On the backside of the parabolic move, precious metals will suffer a quick and nasty correction, trapping the exuberant masses who chased the move near the top or were too greedy to realize the move had exhausted itself. For the remainder of 2011, gold will then be contained in a sideways consolidation beneath the spring peak.


Stocks

Like gold, the equity market is due for an intermediate-term correction as 2011 kicks off. Furthermore, with a major low coming for the dollar, I suspect the cyclical bull out of March 2009 will find its peak during the first 4 months of the year. A question remains as to whether the anticipated January peak will mark the cyclical bull's top or whether stocks have another leg higher to unfold into spring.

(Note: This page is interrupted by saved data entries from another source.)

lemma card_select_letters_preimage:
  assumes w: "w \<in> Wn m"
  shows "card {p \<in> subword_choices u m. select_letters u p = w} = subword_count u w"
proof -
  let ?S = "{p \<in> subword_choices u m. select_letters u p = w}"
  let ?T = "{I. I \<subseteq> {..<length u} \<and> card I = length w \<and> map (\<lambda>i. u ! i) (sorted_list_of_set I) = w}"
  let ?join = "\<lambda>(A, B). A \<union> B :: nat set"
  let ?split = "\<lambda>I. ({i \<in> I. u ! i}, {i \<in> I. \<not> u ! i})"
  have "bij_betw ?join ?S ?T"
  proof (rule bij_betw_byWitness[where f' = ?split])
    show "\<forall>p\<in>?S. ?split (?join p) = p"
      unfolding subword_choices_def by auto
    show "\<forall>I\<in>?T. ?join (?split I) = I"
      by auto
    show "?join ` ?S \<subseteq> ?T"
    proof (rule image_subsetI)
      fix p assume "p \<in> ?S"
      then obtain A B where p: "p = (A, B)" and sel: "select_letters u (A, B) = w"
        and A: "A \<subseteq> {i. i < length u \<and> u ! i}" "card A = m"
        and B: "B \<subseteq> {i. i < length u \<and> \<not> u ! i}" "card B = m"
        unfolding subword_choices_def by (cases p) auto
      have "card (A \<union> B) = length w"
        using A B length_Wn[OF w]
        by (subst card_Un_disjoint) (auto intro: finite_subset[of _ "{..<length u}"])
      then show "?join p \<in> ?T"
        using A B sel unfolding p select_letters_def by auto
    qed
    show "?split ` ?T \<subseteq> ?S"
    proof (rule image_subsetI)
      fix I assume "I \<in> ?T"
      then have I: "I \<subseteq> {..<length u}" "card I = length w"
        and sel: "map (\<lambda>i. u ! i) (sorted_list_of_set I) = w"
        by auto
      have "finite I"
        using I(1) by (rule finite_subset) simp
      then have "card {i \<in> I. u ! i} = num_a w" "card {i \<in> I. \<not> u ! i} = num_b w"
        unfolding sel[symmetric] num_a_def num_b_def by (simp_all add: length_filter_sorted_list_of_set)
      moreover have "{i \<in> I. u ! i} \<union> {i \<in> I. \<not> u ! i} = I"
        by auto
      ultimately show "?split I \<in> ?S"
        using I sel w unfolding subword_choices_def select_letters_def Wn_def by auto
    qed
  qed
  then show ?thesis
    unfolding subword_count_def by (rule bij_betw_same_card)
qed

lemma pmf_random_subword:
  assumes u: "u \<in> Wn n" and w: "w \<in> Wn m" and "m \<le> n"
  shows "pmf (random_subword u m) w = real (subword_count u w) / (real (n choose m))^2"
proof -
  have "pmf (random_subword u m) w = measure (pmf_of_set (subword_choices u m)) (select_letters u -` {w})"
    unfolding random_subword_eq pmf_map ..
  also have "\<dots> = card {p \<in> subword_choices u m. select_letters u p = w} / card (subword_choices u m)"
    using finite_subword_choices subword_choices_nonempty[OF u \<open>m \<le> n\<close>]
    by (simp add: measure_pmf_of_set Int_def conj_commute)
  finally show ?thesis
    by (simp add: card_select_letters_preimage[OF w] card_subword_choices[OF u])
qed

lemma set_pmf_random_subword:
  assumes "u \<in> Wn n" and "m \<le> n"
  shows "set_pmf (random_subword u m) \<subseteq> Wn m"
  using finite_subword_choices subword_choices_nonempty[OF assms]
  unfolding random_subword_eq by (auto intro: select_letters_in_Wn)

lemma integral_finite_support:
  fixes f :: "'a \<Rightarrow> real"
  assumes "finite W" and sets_M: "sets M = sets (count_space UNIV)"
    and "finite_measure M" and support: "AE x in M. x \<in> W"
  shows "integral\<^sup>L M f = (\<Sum>w\<in>W. f w * measure M {w})"
proof -
  interpret finite_measure M by fact
  have "integral\<^sup>L M f = (\<integral>x. f x * indicator W x \<partial>M)"
    using support by (intro integral_cong_AE) (auto simp: measurable_cong_sets[OF sets_M refl])
  also have "\<dots> = (\<Sum>w\<in>W. f w * measure M {w})"
    using assms by (intro integral_indicator_finite_real) (simp_all add: less_top[symmetric])
  finally show ?thesis .
qed

lemma conv_in_distr_iff_singletons:
  fixes Ms :: "nat \<Rightarrow> word measure"
  assumes W: "finite W"
    and sets_Ms: "\<And>k. sets (Ms k) = sets (count_space UNIV)" and fin_Ms: "\<And>k. finite_measure (Ms k)"
    and AE_Ms: "eventually (\<lambda>k. AE x in Ms k. x \<in> W) sequentially"
    and sets_M: "sets M = sets (count_space UNIV)" and fin_M: "finite_measure M"
    and AE_M: "AE x in M. x \<in> W"
  shows "conv_in_distr Ms M \<longleftrightarrow> (\<forall>w\<in>W. (\<lambda>k. measure (Ms k) {w}) \<longlonglongrightarrow> measure M {w})"
proof
  assume conv: "conv_in_distr Ms M"
  have integral_indicator_singleton: "integral\<^sup>L N (indicator {w}) = measure N {w}"
    if "sets N = sets (count_space UNIV)" "finite_measure N" for N :: "word measure" and w
    using that by (simp add: finite_measure.emeasure_finite)
  show "\<forall>w\<in>W. (\<lambda>k. measure (Ms k) {w}) \<longlonglongrightarrow> measure M {w}"
  proof
    fix w
    have "bounded (range (indicator {w} :: word \<Rightarrow> real))"
      by (rule boundedI[of _ 1]) (auto simp: indicator_def)
    then have "(\<lambda>k. integral\<^sup>L (Ms k) (indicator {w} :: word \<Rightarrow> real)) \<longlonglongrightarrow> integral\<^sup>L M (indicator {w})"
      by (rule conv[unfolded conv_in_distr_def, rule_format])
    then show "(\<lambda>k. measure (Ms k) {w}) \<longlonglongrightarrow> measure M {w}"
      by (simp add: integral_indicator_singleton sets_Ms fin_Ms sets_M fin_M)
  qed
next
  assume singletons: "\<forall>w\<in>W. (\<lambda>k. measure (Ms k) {w}) \<longlonglongrightarrow> measure M {w}"
  show "conv_in_distr Ms M"
    unfolding conv_in_distr_def
  proof (intro allI impI)
    fix f :: "word \<Rightarrow> real"
    have "eventually (\<lambda>k. integral\<^sup>L (Ms k) f = (\<Sum>w\<in>W. f w * measure (Ms k) {w})) sequentially"
      using AE_Ms by eventually_elim (rule integral_finite_support[OF W sets_Ms fin_Ms])
    moreover have "(\<lambda>k. \<Sum>w\<in>W. f w * measure (Ms k) {w}) \<longlonglongrightarrow> (\<Sum>w\<in>W. f w * measure M {w})"
      using singletons by (intro tendsto_sum tendsto_mult_left) auto
    ultimately show "(\<lambda>k. integral\<^sup>L (Ms k) f) \<longlonglongrightarrow> integral\<^sup>L M f"
      by (simp add: tendsto_cong integral_finite_support[OF W sets_M fin_M AE_M])
  qed
qed

lemma DM_kernel_eq_ratio:
  assumes "NN v = m" and "m \<le> NN u"
  shows "DM_kernel v u = real ((2*m) choose m) * (real (subword_count u v) / (real (NN u choose m))^2)"
  using assms by (simp add: DM_kernel_def)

Either way, I believe the dollar's bounce out of its 3-year cycle low will accompany an accelerated downturn in the stock market, which will then work its way down into its own 4-year cycle low in late 2012 or early 2013. The primary driver of this downturn will be higher interest rates, delivered by a declining bond market.


Bonds

The bond market is providing a big clue about what is to come in stocks because the recent downturn in Treasury prices is threatening to turn bonds down into a secular bear.

Upward trending interest rates will be no friend to equity bulls, and especially to those with margin balances. Once we receive signal of a confirmed bear market in bonds, we will also know that the Fed's tools have lost what little efficacy they retained. We will also have a signal that inflationary pressures will rise.


Commodities

In general, I expect commodities to continue their decade-long bull market, but the process will be choppy as markets are torn between a renewed economic downturn and loose monetary policy. Receiving signal of a confirmed bear market in bonds will not necessarily result in an immediate spike in commodity prices. The bond market is great for forecasting, but not very useful as a timing tool. What we do know is that any real economic expansion that may take place down the road will press prices higher because the Fed will be unable to withdraw all their counterfeit money.


Trading Plan

My trading plan for the year... subject to change as market conditions evolve, of course... will be to carry a moderate equity short into February in anticipation of a stock market correction. I fully anticipate exiting that short too early in order to prepare for a much larger opportunity... spotting the cyclical low in gold. I intend to be leveraged long against precious metals, along with a bit of a dollar short, into spring. When I believe the dollar has found its 3-year cycle low, I will buy the dollar index in order to capitalize on the typically explosive move out of that low. Depending on market action and the economic outlook at that time, I may also risk a short of industrial commodities such as oil or copper as the dollar bounces. Later in the year, I anticipate playing the short side of equities again by selling calls against every rally.

Keep in mind that these exercises are intent on building a framework of expectations against which to judge the action. As stated above, a trading plan must be dynamic, reacting to economic conditions and, more importantly, to what the market tells us to do.